Colombia’s Supreme Court absolved a former congresswoman on charges of influence peddling Thursday, citing reasonable doubt.
The court had been investigating former senate president, Nancy Patricia Gutierrez, for allegedly soliciting information from the DAS, Colombia’s now-dismantled internal intelligence agency, about various international trips taken by former Liberal Party senator Piedad Cordoba in 2006.
Martha Leal, a former subdirector of operations for the DAS, provided the most damning evidence against Gutierrez, claiming that she had personally delivered documents to the senator’s house regarding Cordoba’s trips to Venezuela and Mexico. According to Leal, this information had been gathered without judicial approval.
Guiterrez acknowledged that she had received information from the DAS, but claimed that she had legally solicited the information in order to verify that Cordoba had completed all protocol necessary to excuse oneself from Congress. The Prosecutor General’s Office announced in May that it could not establish Gutierrez had acted in an irregular manner nor that she had accessed illegal privileged information from the DAS.
“What is sad is that the solicitation by the president of the senate to DAS authorities for information in regards to the completion of disciplinary functions regarding Piedad Cordoba’s travels was mixed together with a crime of influence peddling,” remarked the prosecutor.
In 2008, Guiterrez opened proceedings against Cordoba for treason following the latter’s statements while abroad that Colombia was a ‘mafia state.’ Although these charges were eventually dropped, Guiterrez additionally accused Cordoba of having links to FARC officials, an accusation that ended in an 18-year ban for the Liberal Party senator from Congress in 2010.
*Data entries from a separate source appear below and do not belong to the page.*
lemma holder_step_descent_cball:
  fixes f :: "'a::real_inner \<Rightarrow> real" and \<nu> r :: real
  defines "R \<equiv> (1 + 2 * (1 + \<nu>) powr (1 / \<nu>)) * r"
  assumes grad: "\<And>y. GDERIV f y :> g y" and holder: "holder_on \<nu> L (cball 0 R) g"
    and points: "norm y \<le> r" "norm xs \<le> r" "g xs = 0"
    and step: "0 < \<nu>" "0 < L" "0 \<le> a" "a \<le> ((1 + \<nu>) / L) powr (1 / \<nu>)"
  shows "f (y - a *\<^sub>R holder_direction \<nu> (g y))
       \<le> f y - (a - L / (1 + \<nu>) * a powr (1 + \<nu>)) * norm (g y) powr ((1 + \<nu>) / \<nu>)"
    and "f (y - a *\<^sub>R holder_direction \<nu> (g y)) \<le> f y"
proof -
  note in_cball = holder_step_in_cball[OF holder[unfolded R_def] points step]
  show descent: "f (y - a *\<^sub>R holder_direction \<nu> (g y))
      \<le> f y - (a - L / (1 + \<nu>) * a powr (1 + \<nu>)) * norm (g y) powr ((1 + \<nu>) / \<nu>)"
    using holder_direction_descent[OF grad holder[unfolded R_def] convex_cball in_cball(1,3)] step
    by simp
  have "0 \<le> (a - L / (1 + \<nu>) * a powr (1 + \<nu>)) * norm (g y) powr ((1 + \<nu>) / \<nu>)"
    using holder_gain_nonneg[OF step] by simp
  then show "f (y - a *\<^sub>R holder_direction \<nu> (g y)) \<le> f y"
    using descent by linarith
qed

lemma holder_step_distance_cball:
  fixes f :: "'a::real_inner \<Rightarrow> real" and \<nu> r L :: real
  defines "R \<equiv> (1 + 2 * (1 + \<nu>) powr (1 / \<nu>)) * r"
    and "K \<equiv> (1 + \<nu>) * L powr (1 / \<nu>)"
  assumes convex: "convex_on UNIV f" and grad: "\<And>y. GDERIV f y :> g y"
    and holder: "holder_on \<nu> L (cball 0 R) g"
    and points: "norm y \<le> r" "xs \<in> argmin_set f" "norm xs \<le> r" and "0 < \<nu>" "0 < L" "0 \<le> a"
  shows "(norm (y - a *\<^sub>R holder_direction \<nu> (g y) - xs))\<^sup>2
       \<le> (norm (y - xs))\<^sup>2 - (4 * \<nu> * a / K - a\<^sup>2) * norm (g y) powr (2 / \<nu>)"
    and "a \<le> 4 * \<nu> / K \<Longrightarrow> norm (y - a *\<^sub>R holder_direction \<nu> (g y) - xs) \<le> norm (y - xs)"
proof -
  show distance: "(norm (y - a *\<^sub>R holder_direction \<nu> (g y) - xs))\<^sup>2
      \<le> (norm (y - xs))\<^sup>2 - (4 * \<nu> * a / K - a\<^sup>2) * norm (g y) powr (2 / \<nu>)"
    using norm_diff_holder_step_le[OF \<open>0 < \<nu>\<close> \<open>0 \<le> a\<close>
        inner_gradient_argmin_ge_cball[OF convex grad holder[unfolded R_def] points \<open>0 < \<nu>\<close> \<open>0 < L\<close>]]
    by (simp add: K_def)
  assume "a \<le> 4 * \<nu> / K"
  then have "0 \<le> a * (4 * \<nu> / K - a)"
    using \<open>0 \<le> a\<close> by simp
  also have "\<dots> = 4 * \<nu> * a / K - a\<^sup>2"
    by (simp add: power2_eq_square right_diff_distrib)
  finally have "0 \<le> (4 * \<nu> * a / K - a\<^sup>2) * norm (g y) powr (2 / \<nu>)"
    by simp
  then have "(norm (y - a *\<^sub>R holder_direction \<nu> (g y) - xs))\<^sup>2 \<le> (norm (y - xs))\<^sup>2"
    using distance by linarith
  then show "norm (y - a *\<^sub>R holder_direction \<nu> (g y) - xs) \<le> norm (y - xs)"
    by (rule power2_le_imp_le) simp
qed
(* There exists an $8$-rep-tile $A\subset\mathbb{R}^3$ which has a hole in the following sense: $A$ is homeomorphic to a solid torus $D^2\times S^1$, and its interior is connected and homeomorphic to an open solid torus. More concretely, $A$ can be chosen as a union of four rectangular boxes, each congruent to $[0,4]\times[0,2]\times[0,1]$, with pairwise disjoint interiors, such that $A$ together with a copy of $A$ rotated by $180^\circ$ forms a rectangular box of size $8\times 4\times 2$. Moreover, eight copies of $A$ assemble to $2A$.
   Context: A closed bounded set $A\subset\mathbb{R}^d$ with non-empty interior is called an $m$-rep-tile if there are sets $A_1,\dots,A_m$, each congruent to $A$, such that any two different $A_j,A_k$ have no common interior points and the union $A_1\cup\dots\cup A_m$ is geometrically similar to $A$. Two sets are congruent if one is the image of the other under an isometry of $\mathbb{R}^d$. *)

theory Defs
  imports "HOL-Analysis.Analysis"
begin

definition congruent :: "'a::metric_space set \<Rightarrow> 'a set \<Rightarrow> bool" where
  "congruent A B \<longleftrightarrow>
     (\<exists>f. surj f \<and> (\<forall>x y. dist (f x) (f y) = dist x y) \<and> f ` A = B)"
The Supreme Court also opened a preliminary investigation against Guiterrez in April 2008 for her alleged ties to paramilitary organizations in Cundinamarca during the unfolding scandal now known as “Parapolitics,” in which numerous government officials around Colombia were accused of working with or for illegally armed groups. The Supreme Court has yet to open a formal investigation against the ex-president of the Senate concerning the case.